Segment Start: DATA PROVIDED

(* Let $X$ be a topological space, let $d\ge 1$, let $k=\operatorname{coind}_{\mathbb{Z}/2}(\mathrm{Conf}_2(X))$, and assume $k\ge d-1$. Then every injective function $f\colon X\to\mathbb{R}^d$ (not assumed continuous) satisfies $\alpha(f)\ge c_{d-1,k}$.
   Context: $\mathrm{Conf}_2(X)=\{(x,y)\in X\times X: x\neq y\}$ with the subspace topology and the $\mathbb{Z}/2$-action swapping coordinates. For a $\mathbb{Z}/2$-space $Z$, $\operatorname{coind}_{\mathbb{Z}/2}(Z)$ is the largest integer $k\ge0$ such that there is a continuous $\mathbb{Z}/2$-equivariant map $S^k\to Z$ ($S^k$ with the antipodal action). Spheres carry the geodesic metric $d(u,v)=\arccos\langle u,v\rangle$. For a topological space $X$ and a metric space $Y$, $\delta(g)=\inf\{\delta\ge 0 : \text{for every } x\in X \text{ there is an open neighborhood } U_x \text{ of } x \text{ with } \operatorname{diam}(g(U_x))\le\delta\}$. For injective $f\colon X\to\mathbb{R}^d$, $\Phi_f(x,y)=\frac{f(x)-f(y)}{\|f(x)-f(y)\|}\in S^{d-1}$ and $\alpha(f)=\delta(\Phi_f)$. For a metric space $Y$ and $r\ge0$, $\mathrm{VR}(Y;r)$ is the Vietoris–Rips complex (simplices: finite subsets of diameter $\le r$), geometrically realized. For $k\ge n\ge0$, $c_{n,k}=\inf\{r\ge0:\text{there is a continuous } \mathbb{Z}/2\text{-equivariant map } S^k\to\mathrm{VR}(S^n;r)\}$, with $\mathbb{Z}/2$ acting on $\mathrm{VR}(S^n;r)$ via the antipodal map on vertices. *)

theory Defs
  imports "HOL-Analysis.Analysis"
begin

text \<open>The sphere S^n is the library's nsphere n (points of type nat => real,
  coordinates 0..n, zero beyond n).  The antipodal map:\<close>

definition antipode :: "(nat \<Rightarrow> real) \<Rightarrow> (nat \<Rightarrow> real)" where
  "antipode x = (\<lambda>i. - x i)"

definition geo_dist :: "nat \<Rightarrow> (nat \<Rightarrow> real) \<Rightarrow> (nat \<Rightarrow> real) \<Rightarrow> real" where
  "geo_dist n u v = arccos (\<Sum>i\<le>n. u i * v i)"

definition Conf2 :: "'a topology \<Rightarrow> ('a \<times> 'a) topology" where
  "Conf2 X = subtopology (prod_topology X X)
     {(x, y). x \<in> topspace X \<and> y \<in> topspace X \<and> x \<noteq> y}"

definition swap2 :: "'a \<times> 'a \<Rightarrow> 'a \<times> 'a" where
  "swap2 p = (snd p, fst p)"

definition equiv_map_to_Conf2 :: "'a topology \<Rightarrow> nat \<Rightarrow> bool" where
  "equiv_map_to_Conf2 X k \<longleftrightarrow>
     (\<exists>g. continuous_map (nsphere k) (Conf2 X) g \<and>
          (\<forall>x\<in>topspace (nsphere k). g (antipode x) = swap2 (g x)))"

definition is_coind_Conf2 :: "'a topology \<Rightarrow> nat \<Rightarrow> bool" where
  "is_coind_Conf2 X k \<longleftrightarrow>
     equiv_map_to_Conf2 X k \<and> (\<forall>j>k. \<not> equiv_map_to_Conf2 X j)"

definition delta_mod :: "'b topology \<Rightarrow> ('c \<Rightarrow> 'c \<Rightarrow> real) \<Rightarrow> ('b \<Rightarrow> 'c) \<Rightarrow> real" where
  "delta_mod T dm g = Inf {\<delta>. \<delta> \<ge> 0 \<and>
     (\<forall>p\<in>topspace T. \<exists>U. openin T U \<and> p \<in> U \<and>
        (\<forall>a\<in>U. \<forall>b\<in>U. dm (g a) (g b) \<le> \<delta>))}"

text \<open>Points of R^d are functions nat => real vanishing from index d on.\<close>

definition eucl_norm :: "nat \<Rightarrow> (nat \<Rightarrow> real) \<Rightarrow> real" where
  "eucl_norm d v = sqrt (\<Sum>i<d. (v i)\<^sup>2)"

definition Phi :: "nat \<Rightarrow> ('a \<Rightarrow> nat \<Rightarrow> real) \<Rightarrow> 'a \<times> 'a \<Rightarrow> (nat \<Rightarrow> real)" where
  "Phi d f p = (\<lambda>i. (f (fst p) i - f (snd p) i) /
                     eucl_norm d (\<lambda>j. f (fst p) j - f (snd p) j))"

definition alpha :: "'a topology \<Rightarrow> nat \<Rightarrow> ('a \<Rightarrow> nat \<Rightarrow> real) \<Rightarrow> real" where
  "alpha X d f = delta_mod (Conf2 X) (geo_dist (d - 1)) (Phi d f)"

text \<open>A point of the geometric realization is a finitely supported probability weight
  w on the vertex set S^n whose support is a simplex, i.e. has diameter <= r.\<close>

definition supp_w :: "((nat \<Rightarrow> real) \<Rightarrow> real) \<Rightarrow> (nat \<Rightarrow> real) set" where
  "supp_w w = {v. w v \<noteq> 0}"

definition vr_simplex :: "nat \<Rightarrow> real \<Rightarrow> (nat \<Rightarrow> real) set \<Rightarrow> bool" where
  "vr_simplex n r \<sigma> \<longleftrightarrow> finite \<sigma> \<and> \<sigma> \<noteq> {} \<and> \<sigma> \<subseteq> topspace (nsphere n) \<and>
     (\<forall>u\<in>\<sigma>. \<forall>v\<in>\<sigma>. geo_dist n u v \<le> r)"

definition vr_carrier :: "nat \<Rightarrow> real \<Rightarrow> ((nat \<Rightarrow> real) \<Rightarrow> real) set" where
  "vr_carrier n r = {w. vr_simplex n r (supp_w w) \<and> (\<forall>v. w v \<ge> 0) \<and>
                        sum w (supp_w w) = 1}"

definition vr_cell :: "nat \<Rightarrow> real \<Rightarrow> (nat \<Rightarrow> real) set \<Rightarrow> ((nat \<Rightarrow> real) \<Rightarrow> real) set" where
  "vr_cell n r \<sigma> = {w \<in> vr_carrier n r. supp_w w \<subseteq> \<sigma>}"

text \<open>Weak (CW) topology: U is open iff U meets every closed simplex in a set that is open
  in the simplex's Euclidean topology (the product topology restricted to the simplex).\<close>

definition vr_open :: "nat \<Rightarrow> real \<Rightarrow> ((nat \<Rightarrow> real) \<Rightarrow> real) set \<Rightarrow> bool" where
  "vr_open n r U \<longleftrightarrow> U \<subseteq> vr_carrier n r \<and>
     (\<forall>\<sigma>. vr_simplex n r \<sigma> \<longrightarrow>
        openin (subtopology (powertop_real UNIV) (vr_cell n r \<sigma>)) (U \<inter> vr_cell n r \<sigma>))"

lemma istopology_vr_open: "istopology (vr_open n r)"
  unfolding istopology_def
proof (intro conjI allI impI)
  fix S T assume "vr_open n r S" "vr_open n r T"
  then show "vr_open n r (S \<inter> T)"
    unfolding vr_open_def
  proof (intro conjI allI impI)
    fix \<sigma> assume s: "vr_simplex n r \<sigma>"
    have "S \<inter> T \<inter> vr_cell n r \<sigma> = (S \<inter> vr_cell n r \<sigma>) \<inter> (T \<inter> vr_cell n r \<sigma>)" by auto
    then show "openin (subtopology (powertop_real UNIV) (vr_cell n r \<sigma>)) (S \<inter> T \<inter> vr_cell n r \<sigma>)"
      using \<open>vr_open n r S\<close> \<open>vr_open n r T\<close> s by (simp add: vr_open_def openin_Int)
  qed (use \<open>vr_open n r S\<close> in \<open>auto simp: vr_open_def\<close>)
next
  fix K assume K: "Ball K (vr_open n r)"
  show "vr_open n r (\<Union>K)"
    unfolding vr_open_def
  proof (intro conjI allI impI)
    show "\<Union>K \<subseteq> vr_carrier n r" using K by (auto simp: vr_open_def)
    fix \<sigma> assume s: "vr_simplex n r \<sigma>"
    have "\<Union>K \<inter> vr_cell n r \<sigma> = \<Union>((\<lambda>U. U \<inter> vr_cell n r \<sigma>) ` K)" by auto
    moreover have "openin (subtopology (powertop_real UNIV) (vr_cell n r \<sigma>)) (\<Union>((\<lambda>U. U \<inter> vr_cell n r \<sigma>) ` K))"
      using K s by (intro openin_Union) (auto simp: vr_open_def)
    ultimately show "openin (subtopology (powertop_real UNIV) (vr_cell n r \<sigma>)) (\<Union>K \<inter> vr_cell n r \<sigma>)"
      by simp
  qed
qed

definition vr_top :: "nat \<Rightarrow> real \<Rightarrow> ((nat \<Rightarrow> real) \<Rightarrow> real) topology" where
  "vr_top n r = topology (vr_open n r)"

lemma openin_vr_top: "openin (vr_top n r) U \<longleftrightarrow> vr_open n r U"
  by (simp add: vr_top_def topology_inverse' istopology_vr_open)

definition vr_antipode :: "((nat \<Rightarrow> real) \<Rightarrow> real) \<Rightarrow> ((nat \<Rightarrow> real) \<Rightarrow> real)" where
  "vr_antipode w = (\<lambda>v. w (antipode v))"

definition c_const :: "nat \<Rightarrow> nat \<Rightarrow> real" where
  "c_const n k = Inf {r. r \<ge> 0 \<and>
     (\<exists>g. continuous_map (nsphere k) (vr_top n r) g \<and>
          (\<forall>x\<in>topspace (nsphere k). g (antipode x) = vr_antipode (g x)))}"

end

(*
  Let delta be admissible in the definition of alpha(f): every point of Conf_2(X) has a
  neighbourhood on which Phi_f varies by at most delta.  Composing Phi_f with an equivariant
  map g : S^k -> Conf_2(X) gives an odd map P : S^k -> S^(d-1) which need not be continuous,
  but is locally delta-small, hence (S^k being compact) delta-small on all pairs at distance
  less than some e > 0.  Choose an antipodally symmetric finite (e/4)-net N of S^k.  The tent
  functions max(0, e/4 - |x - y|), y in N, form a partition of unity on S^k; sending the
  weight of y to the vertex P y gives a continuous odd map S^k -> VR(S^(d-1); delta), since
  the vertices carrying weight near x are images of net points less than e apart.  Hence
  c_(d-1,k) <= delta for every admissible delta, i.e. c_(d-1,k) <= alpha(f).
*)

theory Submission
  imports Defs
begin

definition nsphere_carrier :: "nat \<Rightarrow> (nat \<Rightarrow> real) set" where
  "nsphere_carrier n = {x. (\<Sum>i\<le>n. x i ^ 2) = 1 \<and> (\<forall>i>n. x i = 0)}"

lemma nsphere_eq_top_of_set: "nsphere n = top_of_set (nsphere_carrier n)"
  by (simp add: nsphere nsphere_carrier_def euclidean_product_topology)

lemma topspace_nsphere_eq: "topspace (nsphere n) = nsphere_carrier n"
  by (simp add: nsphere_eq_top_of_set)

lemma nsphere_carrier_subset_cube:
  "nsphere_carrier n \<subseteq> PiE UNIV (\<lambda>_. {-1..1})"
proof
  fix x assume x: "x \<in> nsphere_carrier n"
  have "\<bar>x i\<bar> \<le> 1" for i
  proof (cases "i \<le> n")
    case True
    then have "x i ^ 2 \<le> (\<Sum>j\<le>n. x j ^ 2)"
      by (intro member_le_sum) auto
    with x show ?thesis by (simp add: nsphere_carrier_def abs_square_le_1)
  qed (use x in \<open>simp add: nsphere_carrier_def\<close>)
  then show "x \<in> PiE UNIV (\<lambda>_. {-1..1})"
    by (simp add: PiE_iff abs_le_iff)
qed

Segment End: DATA PROVIDED

• **PROBLEM TO WORK ON**: From the entries above, give again exactly the lines running from the line with "r \<sigma>)) (\<Union>K" to the line with "but is locally"; include both of those lines.

• **RESULT OF THE EXERCISE**:
    ultimately show "openin (subtopology (powertop_real UNIV) (vr_cell n r \<sigma>)) (\<Union>K \<inter> vr_cell n r \<sigma>)"
      by simp
  qed
qed

definition vr_top :: "nat \<Rightarrow> real \<Rightarrow> ((nat \<Rightarrow> real) \<Rightarrow> real) topology" where
  "vr_top n r = topology (vr_open n r)"

lemma openin_vr_top: "openin (vr_top n r) U \<longleftrightarrow> vr_open n r U"
  by (simp add: vr_top_def topology_inverse' istopology_vr_open)

definition vr_antipode :: "((nat \<Rightarrow> real) \<Rightarrow> real) \<Rightarrow> ((nat \<Rightarrow> real) \<Rightarrow> real)" where
  "vr_antipode w = (\<lambda>v. w (antipode v))"

definition c_const :: "nat \<Rightarrow> nat \<Rightarrow> real" where
  "c_const n k = Inf {r. r \<ge> 0 \<and>
     (\<exists>g. continuous_map (nsphere k) (vr_top n r) g \<and>
          (\<forall>x\<in>topspace (nsphere k). g (antipode x) = vr_antipode (g x)))}"

end

(*
  Let delta be admissible in the definition of alpha(f): every point of Conf_2(X) has a
  neighbourhood on which Phi_f varies by at most delta.  Composing Phi_f with an equivariant
  map g : S^k -> Conf_2(X) gives an odd map P : S^k -> S^(d-1) which need not be continuous,
  but is locally delta-small, hence (S^k being compact) delta-small on all pairs at distance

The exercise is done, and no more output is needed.